Activity:
I would like each line of the data that holds the word "False" copied out.

Listed entries:
(* For all $\lambda\mu\mathrm{T}$-terms $t_1,t_2,t_3$: if $t_1\to_B t_2\to_A t_3$, then there is a term $t_4$ with $t_1\to_A t_4$ and $t_4\twoheadrightarrow_{AB}t_3$. Consequently, if $t_1\twoheadrightarrow_B t_2\to_A t_3$, then there is $t_4$ with $t_1\to_A t_4\twoheadrightarrow_{AB} t_3$.
   Context: The calculus $\lambda\mu\mathrm{T}$ (raw terms). Types: $\rho,\sigma,\tau ::= \mathbb{N} \mid \sigma\to\tau$. Over infinite sets of $\lambda$-variables $x,y,\dots$ and $\mu$-variables $\alpha,\beta,\gamma,\dots$, terms and commands are mutually defined by $t,r,s ::= x \mid \lambda x{:}\rho.r \mid t\,s \mid \mu\alpha{:}\rho.c \mid 0 \mid \mathsf{S}\,t \mid \mathsf{nrec}_\rho\ r\ s\ t$ and $c ::= [\alpha]t$. Terms are considered modulo renaming of bound variables; $FCV(t)$ = free $\mu$-variables; $t[x:=r]$ is capture-avoiding substitution. Numerals: $\underline{n} := \mathsf{S}^n 0$. Contexts: $E ::= \Box \mid E\,t \mid \mathsf{S}\,E \mid \mathsf{nrec}\ r\ s\ E$; $E[u]$ fills the hole with $u$. Structural substitution $t[\alpha:=\beta E]$ is homomorphic on all constructs (capture-avoiding) except $([\alpha]u)[\alpha:=\beta E] := [\beta]E[u[\alpha:=\beta E]]$ (and $([\gamma]u)[\alpha:=\beta E]:=[\gamma](u[\alpha:=\beta E])$ for $\gamma\neq\alpha$). $\to_A$ is the compatible closure (on terms and commands) of: $(\lambda x.t)r\to t[x:=r]$; $\mathsf{S}(\mu\alpha.c)\to\mu\alpha.c[\alpha:=\alpha(\mathsf{S}\,\Box)]$; $(\mu\alpha.c)s\to\mu\alpha.c[\alpha:=\alpha(\Box\,s)]$; $\mathsf{nrec}\ r\ s\ 0\to r$; $\mathsf{nrec}\ r\ s\ (\mathsf{S}\,\underline{n})\to s\ \underline{n}\ (\mathsf{nrec}\ r\ s\ \underline{n})$; $\mathsf{nrec}\ r\ s\ (\mu\alpha.c)\to\mu\alpha.c[\alpha:=\alpha(\mathsf{nrec}\ r\ s\ \Box)]$. $\to_B$ is the compatible closure of $\mu\alpha.[\alpha]t\to t$ (if $\alpha\notin FCV(t)$) and $[\alpha]\mu\beta.c\to c[\beta:=\alpha\,\Box]$. $\to_{AB}:=\to_A\cup\to_B$; $\twoheadrightarrow_X$ denotes the reflexive–transitive closure of $\to_X$. *)

theory Defs
  imports Main
begin

text \<open>Raw terms of lambda-mu-T, modulo alpha-conversion, represented with
 de Bruijn indices (separately for lambda-variables and mu-variables).\<close>

datatype ty = TNat | TArr ty ty

datatype trm = Var nat | Lam ty trm | App trm trm | Mu ty cmd | Zero | S trm
  | Nrec ty trm trm trm
and cmd = Cmd nat trm

fun liftL :: "nat \<Rightarrow> trm \<Rightarrow> trm" and liftLc :: "nat \<Rightarrow> cmd \<Rightarrow> cmd" where
  "liftL k (Var i) = (if i < k then Var i else Var (Suc i))"
| "liftL k (Lam \<rho> t) = Lam \<rho> (liftL (Suc k) t)"
| "liftL k (App t s) = App (liftL k t) (liftL k s)"
| "liftL k (Mu \<rho> c) = Mu \<rho> (liftLc k c)"
| "liftL k Zero = Zero"
| "liftL k (S t) = S (liftL k t)"
| "liftL k (Nrec \<rho> r s t) = Nrec \<rho> (liftL k r) (liftL k s) (liftL k t)"
| "liftLc k (Cmd i t) = Cmd i (liftL k t)"

fun liftM :: "nat \<Rightarrow> trm \<Rightarrow> trm" and liftMc :: "nat \<Rightarrow> cmd \<Rightarrow> cmd" where
  "liftM k (Var i) = Var i"
| "liftM k (Lam \<rho> t) = Lam \<rho> (liftM k t)"
| "liftM k (App t s) = App (liftM k t) (liftM k s)"
| "liftM k (Mu \<rho> c) = Mu \<rho> (liftMc (Suc k) c)"
| "liftM k Zero = Zero"
| "liftM k (S t) = S (liftM k t)"
| "liftM k (Nrec \<rho> r s t) = Nrec \<rho> (liftM k r) (liftM k s) (liftM k t)"
| "liftMc k (Cmd i t) = Cmd (if i < k then i else Suc i) (liftM k t)"

fun lowerM :: "nat \<Rightarrow> trm \<Rightarrow> trm" and lowerMc :: "nat \<Rightarrow> cmd \<Rightarrow> cmd" where
  "lowerM k (Var i) = Var i"
| "lowerM k (Lam \<rho> t) = Lam \<rho> (lowerM k t)"
| "lowerM k (App t s) = App (lowerM k t) (lowerM k s)"
| "lowerM k (Mu \<rho> c) = Mu \<rho> (lowerMc (Suc k) c)"
| "lowerM k Zero = Zero"
| "lowerM k (S t) = S (lowerM k t)"
| "lowerM k (Nrec \<rho> r s t) = Nrec \<rho> (lowerM k r) (lowerM k s) (lowerM k t)"
| "lowerMc k (Cmd i t) = Cmd (if k < i then i - 1 else i) (lowerM k t)"

fun freeM :: "nat \<Rightarrow> trm \<Rightarrow> bool" and freeMc :: "nat \<Rightarrow> cmd \<Rightarrow> bool" where
  "freeM k (Var i) = False"
| "freeM k (Lam \<rho> t) = freeM k t"
| "freeM k (App t s) = (freeM k t \<or> freeM k s)"
| "freeM k (Mu \<rho> c) = freeMc (Suc k) c"
| "freeM k Zero = False"
| "freeM k (S t) = freeM k t"
| "freeM k (Nrec \<rho> r s t) = (freeM k r \<or> freeM k s \<or> freeM k t)"
| "freeMc k (Cmd i t) = (i = k \<or> freeM k t)"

Result of this task:
  "freeM k (Var i) = False"
| "freeM k Zero = False"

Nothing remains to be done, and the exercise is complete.